My attempt: I was trying to use the sequential definition of continuity. Consider $a \in \Bbb R$ then we have a seqn ${x_n}$ of rational numbers converging to $a$ and we have a seqn ${y_n}$ of irrational numbers converging to $a$. Then what will be $f(a)$? I was thinking that in one way $f(a) \in \Bbb Q$ and on the other way $ f(a) \in {\Bbb R}\setminus {\Bbb Q}$ . But I am wrong $\{f(x_n)\} \subseteq {\Bbb R}\setminus {\Bbb Q}$ and $\{f(y_n)\} \subseteq {\Bbb Q}$ still $f(a)$ can be anywhere.

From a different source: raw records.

(* Let $\mathcal C$ be a $\Delta$-complex labeled over $B(X,P)$ with set of $0$-cells $\mathcal C^{(0)}$. Define partial maps on $\mathcal C^{(0)}$ by: for $x\in X$, $v\cdot x=w$ iff there is a $1$-cell labeled $x$ from $v$ to $w$; $v\cdot x^{-1}=w$ iff there is a $1$-cell labeled $x$ from $w$ to $v$; for $\rho\in P$, $v\cdot\rho=v$ iff $v$ is the root of some cell labeled $\rho$ (and undefined otherwise). These are partial injections, and this action of the generators extends to a well-defined right action of $M(X,P)$ on $\mathcal C^{(0)}$ by partial injections (i.e. a homomorphism from $M(X,P)$ into the symmetric inverse monoid on $\mathcal C^{(0)}$, acting on the right).
   Context: A $\Delta$-complex is a CW-complex in which each $k$-cell $c$ has a distinguished characteristic map $\sigma_c\colon\Delta^k\to\mathcal C$, $\Delta^k=[v_0,\dots,v_k]$ the standard simplex with ordered vertices, such that the restriction of $\sigma_c$ to each $(k-1)$-face (identified order-preservingly with $\Delta^{k-1}$) is the distinguished characteristic map of a $(k-1)$-cell. The root of $c$ is $\sigma_c(v_0)$; a $1$-cell $e$ is directed from $\sigma_e(v_0)$ to $\sigma_e(v_1)$. An immersion is a continuous map that is a local homeomorphism onto its image and commutes with characteristic maps (each $k$-cell $d$ maps onto a $k$-cell with $f\circ\sigma_d=\sigma_{f(d)}$). $B(X,P)$ is a $\Delta$-complex with one $0$-cell, $1$-cells indexed by $X$, $k$-cells ($2\le k\le n$) indexed by $P_k$, index sets pairwise disjoint, $P=\bigcup P_k$. $\mathcal C$ is labeled over $B(X,P)$ via an immersion $f_{\mathcal C}\colon\mathcal C\to B(X,P)$, and $\ell(c)$ is the index of $f_{\mathcal C}(c)$; $\ell(e^{-1})=\ell(e)^{-1}$. Boundary labels: for a $k$-cell $c$ ($k\ge2$) with characteristic map $\sigma$, let $c_i$ be the $(k-1)$-cell whose characteristic map is $\sigma$ restricted to the face omitting $v_i$, and $e(c)=\sigma([v_0,v_1])$; $bl(c)=\ell(\sigma[v_0,v_1])\ell(\sigma[v_1,v_2])\ell(\sigma[v_0,v_2])^{-1}$ if $k=2$, and $bl(c)=\ell(c_k)\cdots\ell(c_1)\ell(e(c))\ell(c_0)\ell(e(c))^{-1}$ if $k\ge3$; $bl(\rho)$ denotes the boundary label of the cell of $B(X,P)$ labeled $\rho$. $M(X,P)$ is the inverse monoid presented by generators $X\cup P$ and relations $\rho^2=\rho$, $\rho=\rho\,bl(\rho)$ for $\rho\in P$. *)

theory Defs
  imports Main
begin
(* Let $0<\alpha<1$, and let $r,\beta$ satisfy $\alpha<\beta<1$ and $r\beta\ge1$. Let $H:\mathbb{R}^2\to\mathbb{R}^2$ (identifying $\mathbb C\cong\mathbb{R}^2$, written $H(f,\bar f)$) be Hölder continuous with exponent $\beta$, $C^1$ away from the origin, with $|H(f,\bar f)|\approx|f|^\beta$ and $|H'(f,\bar f)|\approx|f|^{\beta-1}$. Let $\epsilon>0$ with $\epsilon\ll1-\beta$. Then $$\|H(f,\bar f)\,g(|f|)\|_{\dot B^{\alpha}_{r,r}}\lesssim\|f\|^{\beta}_{\dot B^{\alpha/\beta}_{\beta r,\beta r}}+\|f\|^{\beta+\epsilon}_{\dot B^{\alpha/(\beta+\epsilon)}_{(\beta+\epsilon)r,(\beta+\epsilon)r}}.$$
   Context: $g(s):=\log^{\gamma}(\log(10+s^2))$, $\gamma>0$. For $0<s<1$ and $p\ge1$, the homogeneous Besov norm on $\mathbb{R}^n$ is (up to equivalence) $\|f\|^p_{\dot B^s_{p,p}}=\int_{\mathbb{R}^n}\frac{\|f(\cdot+h)-f\|^p_{L^p}}{|h|^{n+sp}}\,dh$. *)

theory Defs
  imports "HOL-Analysis.Analysis"
begin

definition loglog_weight :: "real \<Rightarrow> real \<Rightarrow> real" where
  "loglog_weight \<gamma> s = (ln (ln (10 + s\<^sup>2))) powr \<gamma>"

definition enn_powr :: "ennreal \<Rightarrow> real \<Rightarrow> ennreal" where
  "enn_powr x q = (if x = \<infinity> then \<infinity> else ennreal (enn2real x powr q))"

text \<open>The p-th power of the homogeneous Besov seminorm of order s, indices (p,p), on R^n:
  integral over h of ||f(.+h) - f||_p^p / |h|^(n+sp).\<close>
definition besov_pow :: "real \<Rightarrow> real \<Rightarrow> ('n::euclidean_space \<Rightarrow> complex) \<Rightarrow> ennreal" where
  "besov_pow s p f =
     (\<integral>\<^sup>+ h. (\<integral>\<^sup>+ x. ennreal (cmod (f (x + h) - f x) powr p) \<partial>lborel)
              / ennreal (norm h powr (real DIM('n) + s * p)) \<partial>lborel)"

definition besov_norm :: "real \<Rightarrow> real \<Rightarrow> ('n::euclidean_space \<Rightarrow> complex) \<Rightarrow> ennreal" where
  "besov_norm s p f = enn_powr (besov_pow s p f) (1 / p)"

end

theory Submission
  imports Defs
begin

text \<open>Write F(z) = H(z) g(|z|). The heart of the matter is the pointwise estimate
  |F(a) - F(b)| \<lesssim> |a - b|^\<beta> + |a - b|^(\<beta>+\<epsilon>), where the extra power \<epsilon> absorbs the slow
  growth g(s) \<lesssim> 1 + s^\<epsilon> of the weight. If |b| \<le> |a| \<le> 2|a - b|, both values are bounded by
  size. Otherwise |z| is comparable to |a| on the segment from b to a, and the mean value theorem
  for H and g bounds the difference by |a - b| |a|^(\<beta>-1) (1 + |a|^\<epsilon>), which is at most
  |a - b|^\<beta> + |a - b|^(\<beta>+\<epsilon>) because |a - b| \<le> |a| and \<beta> + \<epsilon> \<le> 1. Raising this to the power r
  and integrating gives the Besov estimate, since \<alpha> r = (\<alpha>/\<beta>)(\<beta> r) = (\<alpha>/(\<beta>+\<epsilon>))((\<beta>+\<epsilon>) r).\<close>

lemma ln_10_plus_sq_gt_one: "1 < ln (10 + s\<^sup>2 :: real)"
proof -
  have "exp 1 < (10::real)" using exp_le by linarith
  also have "\<dots> \<le> 10 + s\<^sup>2" by simp
  finally have "ln (exp 1) < ln (10 + s\<^sup>2)"
    by (subst ln_less_cancel_iff) (simp_all add: add_pos_nonneg)
  then show ?thesis by simp
qed

lemma ln_ln_10_plus_sq_bounds:
  fixes s :: real
  shows "0 < ln (ln (10 + s\<^sup>2))" "ln (ln (10 + s\<^sup>2)) \<le> ln (10 + s\<^sup>2)"
    "ln (ln 10) \<le> ln (ln (10 + s\<^sup>2))"
proof -
  show "0 < ln (ln (10 + s\<^sup>2))" using ln_10_plus_sq_gt_one[of s] by simp
  show "ln (ln (10 + s\<^sup>2)) \<le> ln (10 + s\<^sup>2)"
    using ln_10_plus_sq_gt_one[of s] ln_le_minus_one[of "ln (10 + s\<^sup>2)"] by linarith
  have "ln 10 \<le> ln (10 + s\<^sup>2)" by (subst ln_le_cancel_iff) (simp_all add: add_pos_nonneg)
  then show "ln (ln 10) \<le> ln (ln (10 + s\<^sup>2))"
    using ln_10_plus_sq_gt_one[of 0] by simp
qed

lemma ln_10_plus_sq_powr_le:
  fixes q \<epsilon> :: real
  assumes q: "0 < q" and \<epsilon>: "0 < \<epsilon>"
  shows "\<exists>K>0. \<forall>s\<ge>0. ln (10 + s\<^sup>2) powr q \<le> K * (1 + s powr \<epsilon>)"
proof -
  define \<delta> where "\<delta> = \<epsilon> / (2 * q)"
  have \<delta>: "0 < \<delta>" using q \<epsilon> by (simp add: \<delta>_def)
  define K where "K = (1 / \<delta>) powr q * 11 powr (\<epsilon> / 2)"
  have "ln (10 + s\<^sup>2) powr q \<le> K * (1 + s powr \<epsilon>)" if s: "0 \<le> s" for s
  proof -
    let ?y = "10 + s\<^sup>2"
    have y_powr_le: "?y powr (\<epsilon> / 2) \<le> 11 powr (\<epsilon> / 2) * (1 + s powr \<epsilon>)"
    proof (cases "s \<le> 1")
      case True
      then have "s\<^sup>2 \<le> 1" using s by (simp add: power_le_one)
      then have "?y powr (\<epsilon> / 2) \<le> 11 powr (\<epsilon> / 2)" using \<epsilon> by (intro powr_mono2) auto
      then show ?thesis by (smt (verit) mult_le_cancel_left1 powr_ge_zero)
    next
      case False
      then have "?y \<le> 11 * s\<^sup>2" by (simp add: power2_eq_square) (smt (verit) mult_le_cancel_left1)
      then have "?y powr (\<epsilon> / 2) \<le> (11 * s\<^sup>2) powr (\<epsilon> / 2)" using \<epsilon> by (intro powr_mono2) auto
      also have "\<dots> = 11 powr (\<epsilon> / 2) * s powr \<epsilon>"
        using False by (simp add: powr_mult powr_powr flip: powr_numeral)
      finally show ?thesis by (smt (verit) mult_left_mono powr_ge_zero)
    qed
    have "ln ?y powr q \<le> (?y powr \<delta> / \<delta>) powr q"
      using ln_powr_bound[of ?y \<delta>] \<delta> q ln_10_plus_sq_gt_one[of s] by (intro powr_mono2) auto
    also have "\<dots> = (1 / \<delta>) powr q * (?y powr \<delta>) powr q"
      using \<delta> by (simp add: powr_divide)
    also have "(?y powr \<delta>) powr q = ?y powr (\<epsilon> / 2)"
      using q by (simp add: powr_powr \<delta>_def)
    also have "(1 / \<delta>) powr q * ?y powr (\<epsilon> / 2) \<le> K * (1 + s powr \<epsilon>)"
      unfolding K_def mult.assoc by (rule mult_left_mono[OF y_powr_le]) simp
    finally show ?thesis .
  qed
  moreover have "0 < K" using \<delta> by (simp add: K_def)
  ultimately show ?thesis by blast
qed

lemma loglog_weight_nonneg: "0 \<le> loglog_weight \<gamma> s"
  by (simp add: loglog_weight_def)

lemma loglog_weight_le:
  assumes "0 < \<gamma>" "0 < \<epsilon>"
  shows "\<exists>K>0. \<forall>s\<ge>0. loglog_weight \<gamma> s \<le> K * (1 + s powr \<epsilon>)"
proof -
  obtain K where K: "0 < K" "\<forall>s\<ge>0. ln (10 + s\<^sup>2) powr \<gamma> \<le> K * (1 + s powr \<epsilon>)"
    using ln_10_plus_sq_powr_le[OF assms] by blast
  have "loglog_weight \<gamma> s \<le> ln (10 + s\<^sup>2) powr \<gamma>" for s
    unfolding loglog_weight_def
    using ln_ln_10_plus_sq_bounds[of s] ln_10_plus_sq_gt_one[of s] assms
    by (intro powr_mono2) auto
  with K show ?thesis by (meson order_trans)
qed

definition loglog_weight_deriv :: "real \<Rightarrow> real \<Rightarrow> real" where
  "loglog_weight_deriv \<gamma> s =
     \<gamma> * ln (ln (10 + s\<^sup>2)) powr (\<gamma> - 1) * (1 / ln (10 + s\<^sup>2)) * (2 * s / (10 + s\<^sup>2))"

lemma loglog_weight_has_real_derivative:
  "(loglog_weight \<gamma> has_real_derivative loglog_weight_deriv \<gamma> s) (at s)"
proof -
  have "loglog_weight \<gamma> = (\<lambda>s. ln (ln (10 + s\<^sup>2)) powr \<gamma>)"
    by (simp add: loglog_weight_def fun_eq_iff)
  moreover have "0 < 9 + s\<^sup>2" by (simp add: add_pos_nonneg)
  ultimately show ?thesis
    unfolding loglog_weight_deriv_def
    using ln_10_plus_sq_gt_one[of s] ln_ln_10_plus_sq_bounds(1)[of s]
    by (auto intro!: derivative_eq_intros simp: field_simps)
qed

lemma abs_loglog_weight_deriv_mult_le:
  assumes \<gamma>: "0 \<le> \<gamma>" and "0 < s"
  shows "\<bar>loglog_weight_deriv \<gamma> s\<bar> * s \<le> 2 * \<gamma> * ln (ln (10 + s\<^sup>2)) powr (\<gamma> - 1)"
proof -
  let ?X = "ln (10 + s\<^sup>2)" and ?L = "ln (ln (10 + s\<^sup>2))"
  have X: "1 < ?X" "0 < ?L"
    using ln_10_plus_sq_gt_one[of s] ln_ln_10_plus_sq_bounds(1)[of s] by auto
  have pos: "0 < 10 + s\<^sup>2" "0 < 9 + s\<^sup>2" by (simp_all add: add_pos_nonneg)
  have "(1 / ?X) * (2 * s\<^sup>2 / (10 + s\<^sup>2)) \<le> 1 * 2"
    using X pos by (intro mult_mono) (auto simp: divide_le_eq)
  then have "\<gamma> * ?L powr (\<gamma> - 1) * ((1 / ?X) * (2 * s\<^sup>2 / (10 + s\<^sup>2)))
      \<le> \<gamma> * ?L powr (\<gamma> - 1) * 2"
    using \<gamma> by (intro mult_left_mono) auto
  moreover have "\<bar>loglog_weight_deriv \<gamma> s\<bar> * s
      = \<gamma> * ?L powr (\<gamma> - 1) * ((1 / ?X) * (2 * s\<^sup>2 / (10 + s\<^sup>2)))"
    using X \<open>0 < s\<close> pos \<gamma> by (simp add: loglog_weight_deriv_def abs_mult power2_eq_square)
  ultimately show ?thesis by simp
qed
(* Let $S$ be a finite semigroup. (i) If $S$ is monogenic, then $\sigma_s(S)=\infty$. (ii) If $S$ is a group, then $\sigma_s(S)=\sigma_g(S)$. (iii) If $S$ is neither monogenic nor a group, then $\sigma_s(S)=2$.
   Context: A semigroup is a nonempty set with an associative binary operation; a subsemigroup is a nonempty subset closed under the operation. A semigroup is monogenic if it is generated (as a semigroup) by a single element. For a semigroup $S$, $\sigma_s(S)$ denotes the least positive integer $n$ such that $S$ is the union of $n$ proper subsemigroups, and $\sigma_s(S)=\infty$ if no such finite $n$ exists. For a group $G$, $\sigma_g(G)$ is defined analogously using proper subgroups. *)

theory Defs
  imports "HOL-Algebra.Group" "HOL-Library.Extended_Nat"
begin

text \<open>A semigroup is given by a HOL-Algebra structure whose carrier is nonempty,
closed under the multiplication, with associative multiplication.
The field one of the record is ignored.\<close>

definition is_semigroup :: "('a, 'b) monoid_scheme \<Rightarrow> bool" where
  "is_semigroup G \<longleftrightarrow> carrier G \<noteq> {} \<and>
     (\<forall>x\<in>carrier G. \<forall>y\<in>carrier G. x \<otimes>\<^bsub>G\<^esub> y \<in> carrier G) \<and>
     (\<forall>x\<in>carrier G. \<forall>y\<in>carrier G. \<forall>z\<in>carrier G.
        (x \<otimes>\<^bsub>G\<^esub> y) \<otimes>\<^bsub>G\<^esub> z = x \<otimes>\<^bsub>G\<^esub> (y \<otimes>\<^bsub>G\<^esub> z))"

definition subsemigroup :: "'a set \<Rightarrow> ('a, 'b) monoid_scheme \<Rightarrow> bool" where
  "subsemigroup H G \<longleftrightarrow> H \<noteq> {} \<and> H \<subseteq> carrier G \<and>
     (\<forall>x\<in>H. \<forall>y\<in>H. x \<otimes>\<^bsub>G\<^esub> y \<in> H)"

definition sgr_generated :: "('a, 'b) monoid_scheme \<Rightarrow> 'a \<Rightarrow> 'a set" where
  "sgr_generated G a = \<Inter>{H. H \<subseteq> carrier G \<and> a \<in> H \<and>
                             (\<forall>x\<in>H. \<forall>y\<in>H. x \<otimes>\<^bsub>G\<^esub> y \<in> H)}"

definition monogenic :: "('a, 'b) monoid_scheme \<Rightarrow> bool" where
  "monogenic G \<longleftrightarrow> (\<exists>a\<in>carrier G. sgr_generated G a = carrier G)"

definition is_group_sgr :: "('a, 'b) monoid_scheme \<Rightarrow> bool" where
  "is_group_sgr G \<longleftrightarrow> (\<exists>e. group (G\<lparr>one := e\<rparr>))"

definition sigma_s :: "('a, 'b) monoid_scheme \<Rightarrow> enat" where
  "sigma_s G = (if \<exists>F. finite F \<and> (\<forall>H\<in>F. subsemigroup H G \<and> H \<noteq> carrier G) \<and> \<Union>F = carrier G
     then enat (LEAST n. \<exists>F. finite F \<and> card F = n \<and>
                 (\<forall>H\<in>F. subsemigroup H G \<and> H \<noteq> carrier G) \<and> \<Union>F = carrier G)
     else \<infinity>)"

definition sigma_g :: "('a, 'b) monoid_scheme \<Rightarrow> enat" where
  "sigma_g G = (if \<exists>F. finite F \<and> (\<forall>H\<in>F. subgroup H G \<and> H \<noteq> carrier G) \<and> \<Union>F = carrier G
     then enat (LEAST n. \<exists>F. finite F \<and> card F = n \<and>
                 (\<forall>H\<in>F. subgroup H G \<and> H \<noteq> carrier G) \<and> \<Union>F = carrier G)
     else \<infinity>)"

end

theory Submission
  imports Defs
begin

text \<open>A generator of a monogenic semigroup lies in no proper subsemigroup, so proper
subsemigroups never cover it. In a finite group every subsemigroup is a subgroup, so the
two covering numbers agree. Otherwise, suppose first that \<open>S\<close> has a proper right
ideal, and let \<open>M\<close> be a maximal one. Either a second proper right ideal \<open>N \<notsubseteq> M\<close>
exists and \<open>M \<union> N = S\<close>; or some \<open>x \<notin> M\<close> has \<open>xS \<noteq> S\<close>, then \<open>xS \<subseteq> M\<close>, so
\<open>M \<union> {x} = S\<close> and \<open>M\<close> together with a proper subsemigroup containing \<open>x\<close> covers
\<open>S\<close>; or \<open>xS = S\<close> for all \<open>x \<notin> M\<close>, and then \<open>S - M\<close> is a subsemigroup. Left ideals
are handled dually, and a semigroup without proper one-sided ideals is a group.\<close>

lemma is_semigroupD:
  assumes "is_semigroup S"
  shows "carrier S \<noteq> {}"
    and "x \<in> carrier S \<Longrightarrow> y \<in> carrier S \<Longrightarrow> x \<otimes>\<^bsub>S\<^esub> y \<in> carrier S"
    and "x \<in> carrier S \<Longrightarrow> y \<in> carrier S \<Longrightarrow> z \<in> carrier S \<Longrightarrow>
      (x \<otimes>\<^bsub>S\<^esub> y) \<otimes>\<^bsub>S\<^esub> z = x \<otimes>\<^bsub>S\<^esub> (y \<otimes>\<^bsub>S\<^esub> z)"
  using assms unfolding is_semigroup_def by blast+
(* Let $(X,d_X)$ be a proper, doubling metric space and $p\in X$. Assume there is an open neighborhood $V$ of $p$ such that $X$ is uniformly comparable $\eta$-self-quasisymmetric at the points of a dense subset of $V$. Then $X$ admits an $\eta'$-quasisymmetric embedding into every weak tangent in $WT_p(X)$, where $\eta'(t)=1/\eta^{-1}(1/t)$.
   Context: $\eta$ is a homeomorphism of $[0,\infty)$; a homeomorphism $f$ (onto its image) is $\eta$-quasisymmetric if $d(f(x),f(y))/d(f(x),f(z))\le\eta(d(x,y)/d(x,z))$ for $x\ne z$. $X$ is comparable $\eta$-self-quasisymmetric at $x$ if there are $r_x>0$ and $C_x>0$ such that for every $0<r<r_x$ there is a subset $U\subset B(x,r)$ with $x\in U$, $r/C_x\le\operatorname{diam}U\le C_xr$, and an $\eta$-quasisymmetric homeomorphism from $U$ onto $X$. It is uniformly comparable $\eta$-self-quasisymmetric on a set $A$ if this holds for all $x\in A$ with constants $r_x=r_0$ and $C_x=C$ independent of $x$. Proper: closed balls compact; doubling: every set of diameter $d$ covered by a bounded number of sets of diameter $\le d/2$. A weak tangent of $X$ at $p$ is a pointed Gromov–Hausdorff limit of $(X,p_n,d_X/\lambda_n)$ with $\lambda_n\to0^+$, $p_n\to p$ (pointed GH convergence $(X_n,p_n,d_n)\to(Z,z,d)$, $Z$ complete: for every $r,\varepsilon>0$, for large $n$ there is a map $g:B(p_n,r)\to Z$, $g(p_n)=z$, additive distortion $<\varepsilon$, and $B(z,r-\varepsilon)$ in the $\varepsilon$-neighborhood of $g(B(p_n,r))$); $WT_p(X)$ is the set of weak tangents at $p$. *)

theory Defs
  imports "HOL-Analysis.Analysis"
begin

definition distortion_fn :: "(real \<Rightarrow> real) \<Rightarrow> bool" where
  "distortion_fn eta \<longleftrightarrow> (\<exists>g. homeomorphism {0..} {0..} eta g)"

definition dual_distortion :: "(real \<Rightarrow> real) \<Rightarrow> real \<Rightarrow> real" where
  "dual_distortion eta t = 1 / inv_into {0..} eta (1 / t)"

definition quasisymmetric_on ::
  "'a set \<Rightarrow> ('a \<Rightarrow> 'a \<Rightarrow> real) \<Rightarrow> 'b set \<Rightarrow> ('b \<Rightarrow> 'b \<Rightarrow> real) \<Rightarrow>
   (real \<Rightarrow> real) \<Rightarrow> 'a set \<Rightarrow> ('a \<Rightarrow> 'b) \<Rightarrow> bool" where
  "quasisymmetric_on X1 d1 X2 d2 eta U f \<longleftrightarrow>
     U \<subseteq> X1 \<and> f ` U \<subseteq> X2 \<and>
     homeomorphic_map (subtopology (Metric_space.mtopology X1 d1) U)
                      (subtopology (Metric_space.mtopology X2 d2) (f ` U)) f \<and>
     (\<forall>x\<in>U. \<forall>y\<in>U. \<forall>z\<in>U. x \<noteq> z \<longrightarrow>
        d2 (f x) (f y) / d2 (f x) (f z) \<le> eta (d1 x y / d1 x z))"

definition mdiam :: "('a \<Rightarrow> 'a \<Rightarrow> real) \<Rightarrow> 'a set \<Rightarrow> real" where
  "mdiam d S = Sup {d x y | x y. x \<in> S \<and> y \<in> S}"

definition unif_comp_self_qs ::
  "'a set \<Rightarrow> ('a \<Rightarrow> 'a \<Rightarrow> real) \<Rightarrow> (real \<Rightarrow> real) \<Rightarrow> 'a set \<Rightarrow> bool" where
  "unif_comp_self_qs X d eta A \<longleftrightarrow>
     (\<exists>r0 C. r0 > 0 \<and> C > 0 \<and>
        (\<forall>x\<in>A. \<forall>r. 0 < r \<and> r < r0 \<longrightarrow>
           (\<exists>U. U \<subseteq> Metric_space.mball X d x r \<and> x \<in> U \<and>
                r / C \<le> mdiam d U \<and> mdiam d U \<le> C * r \<and>
                (\<exists>f. quasisymmetric_on X d X d eta U f \<and> f ` U = X))))"

definition proper_mspace :: "'a set \<Rightarrow> ('a \<Rightarrow> 'a \<Rightarrow> real) \<Rightarrow> bool" where
  "proper_mspace X d \<longleftrightarrow>
     (\<forall>x r. compactin (Metric_space.mtopology X d) (Metric_space.mcball X d x r))"

definition doubling_mspace :: "'a set \<Rightarrow> ('a \<Rightarrow> 'a \<Rightarrow> real) \<Rightarrow> bool" where
  "doubling_mspace X d \<longleftrightarrow>
     (\<exists>N::nat. \<forall>S. S \<subseteq> X \<and> S \<noteq> {} \<and> Metric_space.mbounded X d S \<longrightarrow>
        (\<exists>F. finite F \<and> card F \<le> N \<and> S \<subseteq> \<Union>F \<and>
             (\<forall>T\<in>F. T \<subseteq> X \<and> mdiam d T \<le> mdiam d S / 2)))"

definition pointed_GH_conv ::
  "'a set \<Rightarrow> ('a \<Rightarrow> 'a \<Rightarrow> real) \<Rightarrow> (nat \<Rightarrow> real) \<Rightarrow> (nat \<Rightarrow> 'a) \<Rightarrow>
   'b set \<Rightarrow> ('b \<Rightarrow> 'b \<Rightarrow> real) \<Rightarrow> 'b \<Rightarrow> bool" where
  "pointed_GH_conv X d lam p Z dZ z \<longleftrightarrow>
     (\<forall>r>0. \<forall>\<epsilon>>0. \<forall>\<^sub>F n in sequentially.
        (let B = {a \<in> X. d (p n) a / lam n < r} in
         \<exists>g. (\<forall>a\<in>B. g a \<in> Z) \<and> g (p n) = z \<and>
             (\<forall>a\<in>B. \<forall>b\<in>B. \<bar>dZ (g a) (g b) - d a b / lam n\<bar> < \<epsilon>) \<and>
             (\<forall>w\<in>Z. dZ z w < r - \<epsilon> \<longrightarrow> (\<exists>a\<in>B. dZ w (g a) < \<epsilon>))))"

definition weak_tangent ::
  "'a set \<Rightarrow> ('a \<Rightarrow> 'a \<Rightarrow> real) \<Rightarrow> 'a \<Rightarrow> 'b set \<Rightarrow> ('b \<Rightarrow> 'b \<Rightarrow> real) \<Rightarrow> 'b \<Rightarrow> bool" where
  "weak_tangent X d p Z dZ z \<longleftrightarrow>
     Metric_space Z dZ \<and> Metric_space.mcomplete Z dZ \<and> z \<in> Z \<and>
     (\<exists>lam q. (\<forall>n. lam n > 0) \<and> lam \<longlonglongrightarrow> 0 \<and> (\<forall>n. q n \<in> X) \<and>
        ((\<lambda>n. d (q n) p) \<longlonglongrightarrow> 0) \<and> pointed_GH_conv X d lam q Z dZ z)"

end

theory Submission
  imports Defs
begin

(* A single self-quasisymmetric piece U, contained in a small ball, is mapped onto X; hence X is
   bounded and, being proper, compact.  Let (Z, z) be the limit of (X, q n, d / lam n).  For large n
   pick x in D with d (q n) x < lam n and invert the piece at x of scale lam n: this gives an
   eta'-quasisymmetric map h n of X into the ball B (q n) (2 lam n) whose image has diameter at least
   lam n / C.  Composed with the Gromov-Hausdorff approximations, h n becomes a map psi n of X into
   the closed ball of radius 3 about z, a compact set, whose distances are within 1 / (n + 1) of
   d (h n x) (h n y) / lam n.  A pointwise cluster point phi of (psi n) inherits the
   eta'-quasisymmetry inequality, a closed condition, together with a lower bound on its distances
   that is uniform in n and comes from the diameter of the images.  So phi is injective, the
   inequality makes it continuous, and a continuous injection of a compact space is an embedding. *)

section \<open>Distortion functions\<close>

lemma distortion_fn_homeomorphism:
  assumes "distortion_fn eta"
  shows "homeomorphism {0..} {0..} eta (inv_into {0..} eta)"
proof -
  obtain g where g: "homeomorphism {0..} {0..} eta g"
    using assms unfolding distortion_fn_def by blast
  have inj: "inj_on eta {0..}"
    using g by (metis homeomorphism_apply1 inj_on_inverseI)
  then have g_eq: "inv_into {0..} eta y = g y" if "y \<in> {0..}" for y
    using g that by (metis homeomorphism_apply2 homeomorphism_image2 imageI inv_into_f_eq)
  have "continuous_on {0..} (inv_into {0..} eta)"
    using continuous_on_cong[OF refl g_eq] homeomorphism_cont2[OF g] by (rule iffD2)
  with g show ?thesis
    by (intro homeomorphismI) (auto simp: g_eq homeomorphism_def inv_into_f_f[OF inj])
qed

Is there any way to fix my attempt or any other possible idea?

Answer 1

There is a nice proof of this fact, which doesn't use cardinality. Assume such $f:\Bbb R\to \Bbb R$ exists. You can do two modifications to $f$ which wont change the property that $f(\Bbb Q) \subseteq {\Bbb R}\setminus {\Bbb Q}$ and $f({\Bbb R}\setminus {\Bbb Q}) \subseteq {\Bbb Q}$:

• You can add a rationnal number to $f$, i.e take $\tilde{f}$ defined by $\tilde{f}(x)=f(x)+p/q$.

• You can multiply $f$ by a rational number, i.e take $\tilde{f}$ defined by $\tilde{f}(x)=(p/q)\times f(x)$.

Now define $g=f\vert_{[0,1]}$. Then $g$ is continuous and bounded. By adding a "big" rational number to $f$ you can assume $g\geq 0$. By multiplying $f$ by a "small" positive rational number you can also assume $g\leq 1$. Finally you have found $g:[0,1]\to [0,1]$ which is continuous and send rational numbers to irrational and conversely. But this is not possible, as $g$ must have a fixed point.